[Your objective]:
Reproduce, with no changes, the line where "unfolding s_eq \<psi>_def" appears and every subsequent line of the listing, the last one included.
◆ ◆ ◆ ◆
(* With the notation of the context, for every sufficiently small $\varepsilon>0$ the following holds. For each $i\ge0$ there exists an open $C^\infty$ curve $\gamma_i$ properly embedded in the strip $[2i,2i+1]\times\mathbb R$ such that: (1) the $y$-component of the unit tangent vector of $\gamma_i$ is nonzero at every point and bounded below by a positive constant along the whole curve; (2) $\gamma_i$ contains all the points $p^i_l=(\Delta^l(c_i)+2i,\,l)$, $l\ge0$; (3) the curvature $\kappa_i$ of $\gamma_i$ satisfies $|\kappa_i(p)|<15$ for all $p\in\gamma_i$; (4) for all $l\ge0$, $\gamma_i$ coincides near $p^i_l$ with the vertical segment $\{(\Delta^l(c_i)+2i,y):y\in(l-\varepsilon,l+\varepsilon)\}$. In particular $\gamma_i$ has infinite length.
   Context: A Turing machine with alphabet $\{0,\dots,9\}$ ($0$ blank) and states $Q=\{1,\dots,m\}$ is fixed. Tapes have finitely many nonzero symbols, written $\dots00t_{-a}\dots t_b00\dots$; $s$ is the integer with decimal digits $t_{-a}\dots t_{-1}$ and $r$ the integer with decimal digits $t_b\dots t_0$; configurations $(q,t)$ are encoded as $\varphi(q,t)=\frac{1}{2^q3^r5^s}\in[0,1]$. $\Delta$ is the global one-step transition function on configurations, extended by $\Delta(q_{halt},t)=(q_{halt},t)$. The initial configurations (state $q_0$) are identified with their encodings and listed as $c_0>c_1>\cdots$; $\Delta^l(c_i)\in[0,1]$ denotes the encoding of the configuration after $l$ steps starting from $c_i$. *)

theory Defs
  imports "HOL-Analysis.Analysis"
begin
section \<open>Symmetry of second directional derivatives\<close>

lemma second_difference_mean_value:
  fixes G :: "real^'n::finite \<Rightarrow> real"
  assumes h: "0 < h"
    and G: "\<And>s t. 0 \<le> s \<Longrightarrow> s \<le> h \<Longrightarrow> 0 \<le> t \<Longrightarrow> t \<le> h \<Longrightarrow>
      G differentiable (at (p + s *\<^sub>R w + t *\<^sub>R u))"
    and G': "\<And>s t. 0 \<le> s \<Longrightarrow> s \<le> h \<Longrightarrow> 0 \<le> t \<Longrightarrow> t \<le> h \<Longrightarrow>
      dirder w G differentiable (at (p + s *\<^sub>R w + t *\<^sub>R u))"
  obtains s t where "0 < s" "s < h" "0 < t" "t < h"
    and "G (p + h *\<^sub>R u + h *\<^sub>R w) - G (p + h *\<^sub>R u) - G (p + h *\<^sub>R w) + G p
      = h\<^sup>2 * dirder u (dirder w G) (p + s *\<^sub>R w + t *\<^sub>R u)"
proof -
  define \<phi> where "\<phi> = (\<lambda>s. G ((p + h *\<^sub>R u) + s *\<^sub>R w) - G (p + s *\<^sub>R w))"
  have "\<exists>s. 0 < s \<and> s < h \<and> \<phi> h - \<phi> 0 = (h - 0) *
      (dirder w G ((p + h *\<^sub>R u) + s *\<^sub>R w) - dirder w G (p + s *\<^sub>R w))"
    unfolding \<phi>_def
  proof (rule MVT2[OF h])
    fix s
    assume s: "0 \<le> s" "s \<le> h"
    have "G differentiable (at ((p + h *\<^sub>R u) + s *\<^sub>R w))"
      using G[OF s, of h] h by (simp add: algebra_simps)
    moreover have "G differentiable (at (p + s *\<^sub>R w))"
      using G[OF s, of 0] h by simp
    ultimately show "((\<lambda>s. G ((p + h *\<^sub>R u) + s *\<^sub>R w) - G (p + s *\<^sub>R w)) has_real_derivative
        dirder w G ((p + h *\<^sub>R u) + s *\<^sub>R w) - dirder w G (p + s *\<^sub>R w)) (at s)"
      by (intro DERIV_diff has_real_derivative_dirder_line)
  qed
  then obtain s where s: "0 < s" "s < h" and
    s_eq: "\<phi> h - \<phi> 0 = h * (dirder w G ((p + h *\<^sub>R u) + s *\<^sub>R w) - dirder w G (p + s *\<^sub>R w))"
    by auto
  define \<psi> where "\<psi> = (\<lambda>t. dirder w G ((p + s *\<^sub>R w) + t *\<^sub>R u))"
  have "\<exists>t. 0 < t \<and> t < h \<and> \<psi> h - \<psi> 0 = (h - 0) * dirder u (dirder w G) ((p + s *\<^sub>R w) + t *\<^sub>R u)"
    unfolding \<psi>_def
    by (rule MVT2[OF h], rule has_real_derivative_dirder_line, rule G') (use s in auto)
  then obtain t where t: "0 < t" "t < h" and
    t_eq: "\<psi> h - \<psi> 0 = h * dirder u (dirder w G) ((p + s *\<^sub>R w) + t *\<^sub>R u)"
    by auto
  have "G (p + h *\<^sub>R u + h *\<^sub>R w) - G (p + h *\<^sub>R u) - G (p + h *\<^sub>R w) + G p = \<phi> h - \<phi> 0"
    unfolding \<phi>_def by simp
  also have "\<dots> = h * (\<psi> h - \<psi> 0)"
    unfolding s_eq \<psi>_def by (simp add: algebra_simps)
  also have "\<dots> = h\<^sup>2 * dirder u (dirder w G) (p + s *\<^sub>R w + t *\<^sub>R u)"
    unfolding t_eq by (simp add: power2_eq_square)
  finally show ?thesis using that s t by blast
qed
◆ ◆ ◆ ◆
[Reply to the exercise]:
    unfolding s_eq \<psi>_def by (simp add: algebra_simps)
  also have "\<dots> = h\<^sup>2 * dirder u (dirder w G) (p + s *\<^sub>R w + t *\<^sub>R u)"
    unfolding t_eq by (simp add: power2_eq_square)
  finally show ?thesis using that s t by blast
qed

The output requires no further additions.